Billing for molecular (PCR) testing has become a critical area of focus for clinical laboratories, especially as the Centers for Medicare & Medicaid Services (CMS), Medicare Administrative Contractors (MACs), and the American Medical Association (AMA) offer overlapping — but sometimes conflicting — rules.  

Understanding the nuances of multiplex PCR billing under CMS/NCCI and AMA guidance is essential for compliance and financial stability. 

CMS/NCCI Multiplex PCR Billing Guidelines 

One unit of service for panel tests 

The CMS National Correct Coding Initiative (NCCI) takes a bundled approach to billing multiplex PCR tests. According to Chapter 10 of the NCCI Policy Manual: 

  • If a single method or kit detects multiple organisms, laboratories should report one unit of service (UOS). 
  • For example, a multiplex assay that identifies multiple infectious agents would be billed using CPT 87801. 
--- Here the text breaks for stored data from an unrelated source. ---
lemma comb_in_ray_if_single_support:
  assumes F: "finite F" "j \<in> F" and c: "\<forall>i\<in>F. 0 \<le> c i" "\<forall>i\<in>F - {j}. c i = 0"
  shows "(\<Sum>i\<in>F. c i *\<^sub>R vr i) \<in> ray v j"
proof -
  have "(\<Sum>i\<in>F. c i *\<^sub>R vr i) = (\<Sum>i\<in>F. (if i \<in> {j} then c j else 0) *\<^sub>R vr i)"
    using c(2) by (auto intro: sum.cong)
  also have "\<dots> = c j *\<^sub>R vr j"
    using sum_extend_zero_scaleR[OF F(1), of "{j}"] F(2) by simp
  finally show ?thesis
    unfolding ray_def using c(1) F(2) by blast
qed

lemma ray_face_of_cone_of:
  assumes S: "S \<in> T" and F: "F \<subseteq> S" and j: "j \<in> F"
  shows "ray v j face_of cone_of F"
proof -
  have F': "F \<subseteq> {..<n}" "finite F"
    using cellD(1,2)[OF S] F finite_subset by blast+
  have "ray v j \<subseteq> cone_of F"
    unfolding ray_eq_cone_of using F' j by (intro cone_of_mono) auto
  moreover have "a \<in> ray v j \<and> b \<in> ray v j"
    if ab: "a \<in> cone_of F" "b \<in> cone_of F" and x: "x \<in> ray v j" "x \<in> open_segment a b" for a b x
  proof -
    obtain \<alpha> \<beta> where \<alpha>: "\<forall>i\<in>F. 0 \<le> \<alpha> i" "a = (\<Sum>i\<in>F. \<alpha> i *\<^sub>R vr i)"
      and \<beta>: "\<forall>i\<in>F. 0 \<le> \<beta> i" "b = (\<Sum>i\<in>F. \<beta> i *\<^sub>R vr i)"
      using ab unfolding mem_cone_of_iff[OF F'] by blast
    obtain t where t: "0 \<le> t" "x = t *\<^sub>R vr j"
      using x(1) unfolding ray_def by blast
    obtain u where u: "0 < u" "u < 1" "x = (1 - u) *\<^sub>R a + u *\<^sub>R b"
      using x(2) unfolding in_segment by blast
    have "(\<Sum>i\<in>F. ((1 - u) * \<alpha> i + u * \<beta> i) *\<^sub>R vr i) = x"
      using u(3) \<alpha>(2) \<beta>(2) by (simp add: scaleR_add_left sum.distrib scaleR_sum_right)
    also have "\<dots> = (\<Sum>i\<in>F. (if i \<in> {j} then t else 0) *\<^sub>R vr i)"
      using sum_extend_zero_scaleR[OF F'(2), of "{j}" "\<lambda>_. t" vr] j t(2) by simp
    finally have same_coords:
      "(\<Sum>i\<in>F. ((1 - u) * \<alpha> i + u * \<beta> i) *\<^sub>R vr i) = (\<Sum>i\<in>F. (if i \<in> {j} then t else 0) *\<^sub>R vr i)" .
    have "(1 - u) * \<alpha> i + u * \<beta> i = 0" if "i \<in> F - {j}" for i
      using coords_unique[OF S F same_coords, of i] that by simp
    then have "\<alpha> i = 0 \<and> \<beta> i = 0" if "i \<in> F - {j}" for i
      using that \<alpha>(1) \<beta>(1) u(1,2) by (smt (verit, best) DiffD1 mult_nonneg_nonneg mult_pos_pos)
    then show ?thesis
      unfolding \<alpha>(2) \<beta>(2) using comb_in_ray_if_single_support[OF F'(2) j] \<alpha>(1) \<beta>(1) by blast
  qed
  ultimately show ?thesis
    unfolding face_of_def using convex_ray by blast
qed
Novitas guidance and current enforcement 

Recently, Novitas, a MAC, reiterated this policy in a 2023 educational article. However, there is currently no local coverage determination (LCD) in place to enforce denials for claims that deviate from this standard — at least not yet. 

AMA CPT Coding Rules for PCR Testing 

Coding to the highest level of specificity 

The AMA CPT coding rules lean in a different direction. Their guidance emphasizes specificity: 

When to use analyte-specific codes 

This only applies if results differentiate between organisms. If the assay does not provide organism-level results, the broader CPT 87801 panel code remains correct. In short, the AMA encourages granular billing where possible. 

Conflict Between CMS and AMA on PCR Billing 

Simplicity vs specificity in reimbursement 

The conflict lies in the philosophy of billing: 

  • CMS/NCCI: Panel code = simpler, cheaper for payers. 
  • AMA: Separate analyte-specific codes = more precise, authoritative coding. 

How enforcement varies across MACs 

Both interpretations exist in practice, but enforcement varies across regions and contractors. 

Best Practices for Laboratory Billing Compliance 

Current risk of denials with multiplex panels 

For laboratories, the current environment creates both flexibility and risk. Since Novitas has not yet issued an LCD enforcing strict NCCI edits, claims are not being denied based on panel billing. However, if Novitas or other MACs begins enforcing MUE edits, labs could face sudden denials for incorrectly billed claims. 

Aligning with AMA coding for long-term protection 

The safest approach is to follow AMA’s specificity-first guidance whenever possible. Use analyte-specific CPT codes when organism-level results are available, and default to the panel code only if the assay does not differentiate results. This strategy aligns with coding authorities and positions laboratories for compliance, even if contractors tighten enforcement later. 

Key Takeaways for Multiplex PCR Billing 

  • CMS/NCCI recommends one unit of service for multiplex panels. 
  • AMA guidance emphasizes analyte-specific CPT coding where results are distinct. 
  • Novitas has not yet enforced strict denials, but risk remains. 
  • More payers are starting to adopt this policy of one-panel coding. 
  • Laboratories should research and understand payer policies and coding requirements, especially since policies are constantly changing.